Tēnā koutou, Right Honorable Prime Minister Christopher Luxon, Honorable Minister of Health Simeon Brown, Honorable Minister of Justice Paul Goldsmith, Honorable Minister for Mental Health Matt Doocey, and Honorable Nicole McKee,

Like many people, we want to live, work, and raise our tamariki and mokopuna in healthy, safe communities led by leaders who make decisions for our wellbeing based on the best available evidence and our collective interest. When community wellbeing is prioritised, we give ourselves and our families and whānau the best chance to thrive and enjoy the things most important to us.

We, the undersigned, are deeply concerned about the involvement of the alcohol industry in developing key policies aimed at addressing alcohol harm. Alcohol is the most harmful drug in Aotearoa New Zealand, and a third of preventable deaths globally each year have been attributed to harmful products such as alcohol. Harms are not fairly distributed with Māori experiencing greater exposure to risk factors for alcohol harm.

The alcohol industry has a fundamental conflict of interest with developing effective and equitable harm minimising policy. Reducing alcohol-related harm will only happen with a reduction in the sale of alcohol, an outcome the industry actively seeks to prevent. The core business of the alcohol industry is to make money by maximising the sale of alcohol products.

There are many examples of the industry’s efforts to undermine and take legal action against effective, evidence-based policy to prevent alcohol harm here and globally. For these reasons, industry influence and interference in policy development and implementation has been recognised by the World Health Organization as a major challenge to establishing and maintaining strong alcohol controls in its Global Alcohol Action Plan. Industry influence shifts attention from population focused solutions that reduce harm broadly (like cost effective safeguards on marketing, prices and supply) to expensive and often less effective solutions that focus on a narrow group of heavy drinkers. This misdirects attention from the true scope of the problem; for example, low and moderate alcohol use causes harm such as cancer, which accounts for 42% of all alcohol related deaths in New Zealand.

Most New Zealanders agree the alcohol industry should have no role in alcohol policy development
A recent survey found that 71% of New Zealanders agree that the alcohol industry should not be involved in developing Government policies concerning alcohol. The survey also found strong public support for a range of alcohol harm reduction policies including alcohol availability, marketing and price. This provides an overwhelming mandate to implement the World Health Organization’s advice to governments: to ensure public policy to reduce alcohol harms is protected from commercial and other vested interests that undermine health.

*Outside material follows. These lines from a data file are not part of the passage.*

(* Fix an integer $k\geq1$ and $V=\{0,\ldots,k\}$. Let $\varphi$ be a Boolean function on $V$ all of whose satisfying valuations have even size. Then there exists a Boolean function $\check\varphi$ on $V$ in canonical form such that $\check\varphi\simeq\varphi$.
   Context: A valuation is a subset $\nu\subseteq V$; $\nu^{(l)}$ is $\nu$ with membership of $l$ flipped. A Boolean function on $V$ is a map $\varphi:2^V\to\{\text{false},\text{true}\}$; $\mathrm{sat}(\varphi)$ is its set of satisfying valuations. $\varphi$ is in canonical form if (1) all its satisfying valuations have even size, and (2) there are no two valuations $\nu,\nu'$ of even size with $|\nu'|<|\nu|$, $\nu\in\mathrm{sat}(\varphi)$ and $\nu'\notin\mathrm{sat}(\varphi)$. Write $\varphi\xrightarrow{+(\nu,l)}\varphi'$ if $\nu,\nu^{(l)}\notin\mathrm{sat}(\varphi)$ and $\mathrm{sat}(\varphi')=\mathrm{sat}(\varphi)\cup\{\nu,\nu^{(l)}\}$, and $\varphi\xrightarrow{-(\nu,l)}\varphi'$ if $\varphi'\xrightarrow{+(\nu,l)}\varphi$. Write $\varphi\xrightarrow{\pm}\varphi'$ if one of these holds for some $\nu,l$; $\simeq$ is the reflexive-transitive closure of $\xrightarrow{\pm}$ (an equivalence relation). *)

theory Defs
  imports Main
begin

text \<open>A valuation is a subset of V. A Boolean function on V is
  represented as a predicate on nat sets that is false outside Pow V, so it is determined
  by its set of satisfying valuations.\<close>

definition boolfun_on :: "nat set \<Rightarrow> (nat set \<Rightarrow> bool) \<Rightarrow> bool" where
  "boolfun_on V \<phi> \<longleftrightarrow> (\<forall>\<nu>. \<phi> \<nu> \<longrightarrow> \<nu> \<subseteq> V)"

definition sat :: "(nat set \<Rightarrow> bool) \<Rightarrow> nat set set" where
  "sat \<phi> = {\<nu>. \<phi> \<nu>}"

definition flip :: "nat set \<Rightarrow> nat \<Rightarrow> nat set" where
  "flip \<nu> l = (if l \<in> \<nu> then \<nu> - {l} else insert l \<nu>)"

definition canonical :: "nat set \<Rightarrow> (nat set \<Rightarrow> bool) \<Rightarrow> bool" where
  "canonical V \<phi> \<longleftrightarrow>
     (\<forall>\<nu>\<in>sat \<phi>. even (card \<nu>)) \<and>
     \<not> (\<exists>\<nu> \<nu>'. \<nu> \<subseteq> V \<and> \<nu>' \<subseteq> V \<and> even (card \<nu>) \<and> even (card \<nu>') \<and>
            card \<nu>' < card \<nu> \<and> \<nu> \<in> sat \<phi> \<and> \<nu>' \<notin> sat \<phi>)"
(* Let $k[X,Y]$ be the polynomial ring over a field $k$, and let $R_1 = k[X^4, XY^3, Y^4]$ and $R_2 = k[X^5, XY^4, Y^5]$. Then for each $i=1,2$, $R_i \subsetneq R_i^a = R_i^*$, where $R_i^*$ is the strict closure of $R_i$ in $\overline{R_i}$ and $R_i^a$ is the weakly Arf closure of $R_i$. (Explicitly, $R_1^* = R_1 + R_1X^7Y^5$ and $R_2^* = R_2 + R_2X^9Y^6 + R_2X^8Y^7 + R_2X^4Y^{11}$.)
   Context: For a commutative ring $A$, $W(A)$ is the set of non-zerodivisors of $A$, $\mathrm{Q}(A)$ the total ring of fractions and $\overline A$ the integral closure of $A$ in $\mathrm{Q}(A)$. The strict closure of $A$ in $B\supseteq A$ is $\{\alpha \in B \mid \alpha\otimes 1 = 1\otimes \alpha \text{ in } B\otimes_A B\}$. Weakly Arf closure: set $A_1 = A[\frac{yz}{x} \mid x\in W(A),\ y,z\in A,\ \frac{y}{x},\frac{z}{x}\in\overline A] \subseteq \mathrm{Q}(A)$, define recursively $A_0 = A$, $A_n = (A_{n-1})_1$ for $n>0$, and $A^a = \bigcup_{n\ge 0} A_n$; this is the smallest weakly Arf ring between $A$ and $\overline A$, where $A$ is weakly Arf if for all $x,y,z\in A$ with $x\in W(A)$ and $\frac yx,\frac zx\in\overline A$ one has $\frac{yz}{x}\in A$. *)

theory Defs
  imports "HOL-Computational_Algebra.Polynomial" "HOL-Computational_Algebra.Fraction_Field"
begin

text \<open>All rings considered are subrings (given as carrier sets) of an ambient field 'F.\<close>

inductive_set ring_gen :: "'F::field set \<Rightarrow> 'F set" for S where
  base: "s \<in> S \<Longrightarrow> s \<in> ring_gen S"
| one: "1 \<in> ring_gen S"
| add: "a \<in> ring_gen S \<Longrightarrow> b \<in> ring_gen S \<Longrightarrow> a + b \<in> ring_gen S"
| neg: "a \<in> ring_gen S \<Longrightarrow> - a \<in> ring_gen S"
| mult: "a \<in> ring_gen S \<Longrightarrow> b \<in> ring_gen S \<Longrightarrow> a * b \<in> ring_gen S"

definition nzd :: "'F::field set \<Rightarrow> 'F set" where
  "nzd A = {x \<in> A. \<forall>y\<in>A. x * y = 0 \<longrightarrow> y = 0}"

definition total_quot :: "'F::field set \<Rightarrow> 'F set" where
  "total_quot A = {y / x | x y. x \<in> nzd A \<and> y \<in> A}"

definition int_closure :: "'F::field set \<Rightarrow> 'F set" where
  "int_closure A = {\<alpha> \<in> total_quot A. \<exists>p::'F poly. lead_coeff p = 1 \<and>
      (\<forall>i. coeff p i \<in> A) \<and> poly p \<alpha> = 0}"

definition arf_step :: "'F::field set \<Rightarrow> 'F set" where
  "arf_step A = ring_gen (A \<union> {y * z / x | x y z. x \<in> nzd A \<and> y \<in> A \<and> z \<in> A \<and>
        y / x \<in> int_closure A \<and> z / x \<in> int_closure A})"

definition arf_closure :: "'F::field set \<Rightarrow> 'F set" where
  "arf_closure A = (\<Union>n. (arf_step ^^ n) A)"

text \<open>Tensor product B \<otimes>_A B presented as the free abelian group on B \<times> B
  (finitely supported int-valued functions) modulo the subgroup generated by the
  biadditivity relations and the A-balancing relations.\<close>
definition single :: "'b \<Rightarrow> 'b \<Rightarrow> int" where
  "single p = (\<lambda>q. if q = p then 1 else 0)"

inductive_set tensor_rel :: "'F::field set \<Rightarrow> 'F set \<Rightarrow> ('F \<times> 'F \<Rightarrow> int) set"
  for A B where
  addL: "b \<in> B \<Longrightarrow> b' \<in> B \<Longrightarrow> c \<in> B \<Longrightarrow>
     (\<lambda>q. single (b + b', c) q - single (b, c) q - single (b', c) q) \<in> tensor_rel A B"
| addR: "b \<in> B \<Longrightarrow> c \<in> B \<Longrightarrow> c' \<in> B \<Longrightarrow>
     (\<lambda>q. single (b, c + c') q - single (b, c) q - single (b, c') q) \<in> tensor_rel A B"
| bal: "a \<in> A \<Longrightarrow> b \<in> B \<Longrightarrow> c \<in> B \<Longrightarrow>
     (\<lambda>q. single (a * b, c) q - single (b, a * c) q) \<in> tensor_rel A B"
| zero: "(\<lambda>q. 0) \<in> tensor_rel A B"
| plus: "f \<in> tensor_rel A B \<Longrightarrow> g \<in> tensor_rel A B \<Longrightarrow> (\<lambda>q. f q + g q) \<in> tensor_rel A B"
| uminus: "f \<in> tensor_rel A B \<Longrightarrow> (\<lambda>q. - f q) \<in> tensor_rel A B"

Our ask: Establish adequate safeguards to protect public policy from alcohol industry interference
We, the undersigned, ask you to exclude the alcohol industry from involvement in creating public policy to reduce alcohol harm, in the same way the tobacco industry should be excluded from tobacco policy setting.

The New Zealand Government is required to protect our tobacco control public health policies from the commercial interests of the tobacco industry ‒ since 2005 we have been party to the World Health Organization’s Framework Convention on Tobacco Control. This agreement recognises the “irreconcilable conflict” between tobacco industry profits and public health. The same logic ought to apply to the most harmful drug of all – alcohol ‒ yet no such protections exist.

The Government plays a key role in setting the direction of alcohol policy work undertaken by its Ministries. We call upon the Government to set clear expectations to ensure groups with vested interests in selling alcohol are not involved in the development of public policies aimed at addressing alcohol harm. This is necessary to protect policies aimed at addressing alcohol harm from industry interference.

We are asking you to:

Keep the alcohol industry out of the early development and decision stages of alcohol harm reduction policies.
Only allow the alcohol industry to submit views through public consultation processes on a level playing field with the public.
Enhance transparency of any interactions between the alcohol industry and the Government (including Ministers and officials) by keeping a public record of all communications and meetings, like for the tobacco industry.

Reducing alcohol harm in Aotearoa New Zealand means better physical and mental health, improved child wellbeing, reduced family harm, less pressure on our health system, less pressure on police and emergency services, and improved productivity and economic growth.

Your leadership can create safer, healthier and fairer communities.